我が拳客商売

拳の研究・指導を生業に据えての世渡りの中で起こる悲喜こもごもを、筆の赴くままに書き綴っております

しなやかな強さ

雀鬼会主宰・桜井章一会長の新刊を紹介したのだが、オビにある「強い人は美しくしなやかである。それはカラダまでも」という言葉に、私はグッと来る。

日誌URL:http://d.hatena.ne.jp/superbody/20120604/1338824889


桜井会長の希求する強さは、循環する強さであり、それは偏った一方方向的なものでは無い。


一方方向的な偏りとは、世に言うオタクなどがそうだろう。あることに固執するあまりに、それ以外の事柄や価値観に目をそむける。心にシャッターを下ろした状態だ。

溺れる、と言い換えてもいい。溺れることと熱中することは似ているようでも違う。

こだわるあまりに、正常な神経を保てなくなった状態が、溺れるであり、そんな状態は少なくとも「強さ」とは程遠いものである。


したがって、私も武には溺れない。己を全うするための武であり、武に溺れて己を失う=強さから遠ざかるのは、本末転倒だろう。

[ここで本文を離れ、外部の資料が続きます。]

lemma orthogonal_family_card_le:
  assumes nz: "\<And>f. f \<in> A \<Longrightarrow> ip f f \<noteq> 0"
    and orth: "\<And>f g. f \<in> A \<Longrightarrow> g \<in> A \<Longrightarrow> f \<noteq> g \<Longrightarrow> ip f g = 0"
    and supp: "\<And>f x. f \<in> A \<Longrightarrow> x \<notin> V \<Longrightarrow> f x = 0"
  shows "card A \<le> card V"
proof (cases "finite A")
  case finA: True
  interpret fun_space: vector_space "\<lambda>(c::real) (f::'a \<Rightarrow> real) x. c * f x"
    by unfold_locales (auto simp: algebra_simps fun_eq_iff)
  define \<delta> :: "'a \<Rightarrow> 'a \<Rightarrow> real" where "\<delta> = (\<lambda>v x. if x = v then 1 else 0)"
  have "fun_space.independent A"
  proof (rule fun_space.independent_if_scalars_zero[OF finA])
    fix c :: "('a \<Rightarrow> real) \<Rightarrow> real" and f
    assume zero: "(\<Sum>g\<in>A. (\<lambda>x. c g * g x)) = 0" and f: "f \<in> A"
    have "(\<Sum>g\<in>A. c g * g x) = 0" for x
      using fun_cong[OF zero, of x] by (simp add: sum_fun_apply)
    then have "0 = (\<Sum>x\<in>V. real (deg V E x) * (\<Sum>g\<in>A. c g * g x) * f x)"
      by simp
    also have "\<dots> = (\<Sum>g\<in>A. c g * ip g f)"
      unfolding deg_inner_def sum_distrib_left sum_distrib_right
      by (subst sum.swap) (simp add: mult_ac)
    also have "\<dots> = c f * ip f f"
      using orth f finA by (subst sum.remove[OF finA f]) (auto intro!: sum.neutral)
    finally show "c f = 0"
      using nz[OF f] by simp
  qed
  moreover have "A \<subseteq> fun_space.span (\<delta> ` V)"
  proof
    fix f
    assume f: "f \<in> A"
    have "f = (\<Sum>v\<in>V. (\<lambda>x. f v * \<delta> v x))"
    proof
      fix x
      have "(\<Sum>v\<in>V. (\<lambda>x. f v * \<delta> v x)) x = (\<Sum>v\<in>V. if x = v then f x else 0)"
        unfolding sum_fun_apply \<delta>_def by (intro sum.cong) auto
      then show "f x = (\<Sum>v\<in>V. (\<lambda>x. f v * \<delta> v x)) x"
        using supp[OF f] finite_V by (cases "x \<in> V") auto
    qed
    also have "\<dots> \<in> fun_space.span (\<delta> ` V)"
      by (intro fun_space.span_sum fun_space.span_scale fun_space.span_base) auto
    finally show "f \<in> fun_space.span (\<delta> ` V)" .
  qed
  ultimately have "card A \<le> card (\<delta> ` V)"
    using fun_space.independent_span_bound finite_V by blast
  also have "\<dots> \<le> card V"
    using finite_V by (rule card_image_le)
  finally show ?thesis .
qed simp

lemma finite_laplacian_eigenvalues: "finite {lam. laplacian_eigenvalue V E lam}"
proof (rule ccontr)
  assume "infinite {lam. laplacian_eigenvalue V E lam}"
  then obtain L where L: "L \<subseteq> {lam. laplacian_eigenvalue V E lam}" "finite L" "card L = card V + 1"
    using infinite_arbitrarily_large by blast
  have "\<forall>lam\<in>L. \<exists>f. (\<exists>x\<in>V. f x \<noteq> 0) \<and> (\<forall>x\<in>V. P f x = (1 - lam) * f x) \<and> (\<forall>x. x \<notin> V \<longrightarrow> f x = 0)"
  proof
    fix lam
    assume "lam \<in> L"
    then obtain f where f: "\<exists>x\<in>V. f x \<noteq> 0" "\<forall>x\<in>V. P f x = (1 - lam) * f x"
      using L(1) laplacian_eigenvalue_iff_walk_op by blast
    define f' where "f' = (\<lambda>x. if x \<in> V then f x else 0)"
    have "P f' x = P f x" for x
      by (rule walk_op_cong) (simp add: f'_def)
    then show "\<exists>f. (\<exists>x\<in>V. f x \<noteq> 0) \<and> (\<forall>x\<in>V. P f x = (1 - lam) * f x) \<and> (\<forall>x. x \<notin> V \<longrightarrow> f x = 0)"
      using f by (intro exI[of _ f']) (auto simp: f'_def)
  qed
  then obtain ef where "\<forall>lam\<in>L. (\<exists>x\<in>V. ef lam x \<noteq> 0) \<and> (\<forall>x\<in>V. P (ef lam) x = (1 - lam) * ef lam x)
      \<and> (\<forall>x. x \<notin> V \<longrightarrow> ef lam x = 0)"
    by (rule bchoice[THEN exE])
  then have ef: "\<And>lam. lam \<in> L \<Longrightarrow> \<exists>x\<in>V. ef lam x \<noteq> 0"
    "\<And>lam x. lam \<in> L \<Longrightarrow> x \<in> V \<Longrightarrow> P (ef lam) x = (1 - lam) * ef lam x"
    "\<And>lam x. lam \<in> L \<Longrightarrow> x \<notin> V \<Longrightarrow> ef lam x = 0"
    by auto
  have orth: "ip (ef l1) (ef l2) = 0" if "l1 \<in> L" "l2 \<in> L" "l1 \<noteq> l2" for l1 l2
    using that by (intro walk_op_eigenfunctions_orthogonal[of _ "1 - l1" _ "1 - l2"] ef(2)) auto
  have nz: "ip (ef l) (ef l) \<noteq> 0" if "l \<in> L" for l
    using ef(1)[OF that] deg_inner_self_eq_0 by blast
  have "inj_on ef L"
    using orth nz by (intro inj_onI) fastforce
  then have "card (ef ` L) = card V + 1"
    using L(3) by (simp add: card_image)
  moreover have "card (ef ` L) \<le> card V"
    using orth nz ef(3) by (intro orthogonal_family_card_le) auto
  ultimately show False
    by simp
qed

lemma spectral_eps_sq_bound:
  assumes "V \<noteq> {}"
  shows "(spectral_eps V E)\<^sup>2 * ip h h \<le> ip (P h) (P h)"
proof -
  obtain g where g: "ip g g = 1" and min: "\<And>h. ip (P g) (P g) * ip h h \<le> ip (P h) (P h)"
    using walk_op_rayleigh_minimiser[OF assms] by blast
  define \<mu> where "\<mu> = ip (P g) (P g)"
  define s where "s = sqrt \<mu>"
  have "\<mu> \<ge> 0"
    unfolding \<mu>_def by (rule deg_inner_self_nonneg)
  then have s: "s \<ge> 0" "s\<^sup>2 = \<mu>"
    unfolding s_def by auto
  have "P (P g) x = s\<^sup>2 * g x" if "x \<in> V" for x
    using rayleigh_minimiser_eigenfunction[of \<mu> g x] min g that s(2)
    unfolding \<mu>_def by (simp add: mult.commute)
  moreover have "\<exists>x\<in>V. g x \<noteq> 0"
    using g deg_inner_self_eq_0[of g] by auto
  ultimately obtain lam where lam: "laplacian_eigenvalue V E lam" "\<bar>1 - lam\<bar> = s"
    using laplacian_eigenvalue_of_walk_op_square s(1) by blast
  let ?S = "{\<bar>1 - lam\<bar> | lam. laplacian_eigenvalue V E lam}"
  have "finite ?S"
    using finite_laplacian_eigenvalues by (simp add: setcompr_eq_image)
  moreover have "s \<in> ?S"
    using lam by auto
  ultimately have "spectral_eps V E \<le> s" "spectral_eps V E \<in> ?S"
    unfolding spectral_eps_def by (rule Min_le, intro Min_in) auto
  then have "(spectral_eps V E)\<^sup>2 \<le> \<mu>"
    using s by (auto intro!: power_mono)
  then have "(spectral_eps V E)\<^sup>2 * ip h h \<le> \<mu> * ip h h"
    using deg_inner_self_nonneg by (rule mult_right_mono)
  also have "\<dots> \<le> ip (P h) (P h)"
    using min unfolding \<mu>_def .
  finally show ?thesis .
qed

lemma spectral_eps_sym_diff_bound:
  assumes u: "u \<in> V" and v: "v \<in> V" and "u \<noteq> v"
  shows "(spectral_eps V E)\<^sup>2 * (real (deg V E u) + real (deg V E v))
    \<le> (\<Sum>w\<in>sym_diff (nbhd V E u) (nbhd V E v). 1 / real (deg V E w))"
proof -
  define S where "S = sym_diff (nbhd V E u) (nbhd V E v)"
  have "S \<subseteq> V"
    unfolding S_def by (rule sym_diff_nbhd_subset)
  define f where "f = (\<lambda>y. (if y = u then 1 else 0) - (if y = v then 1 else 0 :: real))"
  have "ip f f = (\<Sum>x\<in>V. (if x = u then real (deg V E u) else 0) + (if x = v then real (deg V E v) else 0))"
    unfolding deg_inner_def f_def using \<open>u \<noteq> v\<close> by (intro sum.cong) auto
  also have "\<dots> = real (deg V E u) + real (deg V E v)"
    using finite_V u v by (simp add: sum.distrib)
  finally have norm_f: "ip f f = real (deg V E u) + real (deg V E v)" .
  have "P f x = ((if x \<in> nbhd V E u then 1 else 0) - (if x \<in> nbhd V E v then 1 else 0)) / real (deg V E x)"
    if "x \<in> V" for x
    using finite_nbhd u v that E_sym
    by (auto simp: walk_op_def f_def sum_subtractf nbhd_def)
  then have "ip (P f) (P f) = (\<Sum>x\<in>V. if x \<in> S then 1 / real (deg V E x) else 0)"
    unfolding deg_inner_def S_def using deg_pos
    by (intro sum.cong) (auto simp: sym_diff_def power2_eq_square)
  also have "\<dots> = (\<Sum>w\<in>S. 1 / real (deg V E w))"
    using finite_V \<open>S \<subseteq> V\<close> by (simp add: sum.inter_restrict[symmetric] Int_absorb1)
  finally show ?thesis
    using spectral_eps_sq_bound[of f] u norm_f unfolding S_def by auto
qed

lemma low_degree_sym_diff_card:
  assumes u: "u \<in> V" and v: "v \<in> V" and "u \<noteq> v" and c: "c \<in> nbhd V E u" "c \<in> nbhd V E v"
    and d: "d \<ge> 3" "\<And>x. x \<in> V \<Longrightarrow> d \<le> deg V E x"
    and eps: "(real d - 1) / (real d)\<^sup>2 < (spectral_eps V E)\<^sup>2"
  shows "card {w \<in> sym_diff (nbhd V E u) (nbhd V E v). deg V E w \<in> {d, d + 1}} \<ge> 2 * d - 1"
proof -
  define S where "S = sym_diff (nbhd V E u) (nbhd V E v)"
  define W where "W = {w \<in> S. deg V E w \<in> {d, d + 1}}"
  have "S \<subseteq> V" "W \<subseteq> S"
    unfolding S_def W_def using sym_diff_nbhd_subset by auto
  then have "finite S" "finite W"
    using finite_V by (auto intro: finite_subset)
  have "card S + 2 \<le> deg V E u + deg V E v"
    unfolding S_def deg_def using c by (intro card_sym_diff_common_elem finite_nbhd)
  moreover have "card S = card W + card (S - W)"
    using \<open>finite W\<close> \<open>W \<subseteq> S\<close> card_Diff_subset card_mono[OF \<open>finite S\<close> \<open>W \<subseteq> S\<close>] by fastforce
  ultimately have card_bound: "card W + card (S - W) + 2 \<le> deg V E u + deg V E v"
    by simp
  have "(real d - 1) / (real d)\<^sup>2 * (real (deg V E u) + real (deg V E v))
      < (spectral_eps V E)\<^sup>2 * (real (deg V E u) + real (deg V E v))"
    using eps deg_pos[OF u] by (intro mult_strict_right_mono) auto
  also have "\<dots> \<le> (\<Sum>w\<in>S. 1 / real (deg V E w))"
    unfolding S_def using u v \<open>u \<noteq> v\<close> by (rule spectral_eps_sym_diff_bound)
  also have "\<dots> \<le> real (card W) / real d + real (card (S - W)) / real (d + 2)"
  proof (rule sum_inverse_le_two_levels)
    show "d \<le> deg V E x" if "x \<in> W" for x
      using that \<open>W \<subseteq> S\<close> \<open>S \<subseteq> V\<close> d(2) by blast
    show "d + 2 \<le> deg V E x" if "x \<in> S - W" for x
      using that \<open>S \<subseteq> V\<close> d(2)[of x] unfolding W_def by auto
  qed (use \<open>finite S\<close> \<open>W \<subseteq> S\<close> d(1) in auto)
  finally have "real (card W) > 2 * real d - 2"
    using d(2)[OF u] d(2)[OF v] card_bound d(1)
    by (intro two_level_count_bound[where a = "real (deg V E u) + real (deg V E v)"
          and L = "real (card (S - W))"]) (auto simp: add.commute)
  then show ?thesis
    unfolding W_def S_def by linarith
qed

キチンと生活出来なかったり、金にだらしなかったり、女子供といった弱者を踏みにじったり、そういうことをやっているようではいくら技術や肉体を磨いても強いとは言えないだろ。

まして弟子相手に寸借詐欺やっていたようなセンセイが、いくらクチで「俺の武術研究は日本一」なんてのたまっても、「それが何か?」ってなもんだよな。ちなみに、この男は実在する!


俺は武術が強いんだ、なんて胸を張ってみても、その程度のヤツは、大抵、おでこを一押ししたら引っ繰り返るもんなんだって♪

拘るあまりに心身のバランスが崩れて中心が充実していないんだから、一突きだよ。アタリマエじゃん(笑)。


しかるに熱中している状態は、カラダが開いて氣が四方八方に広がっている状態。これは心身が統一された統一体なんだから、上述の心が奪われたような状態とは似て非なるものだ。

心と体を素直な柔らかい状態にしておけば、とてつもない強さとなって現れることがある。

我々武術・武道にいそしむものは、その違いを知らなければならない。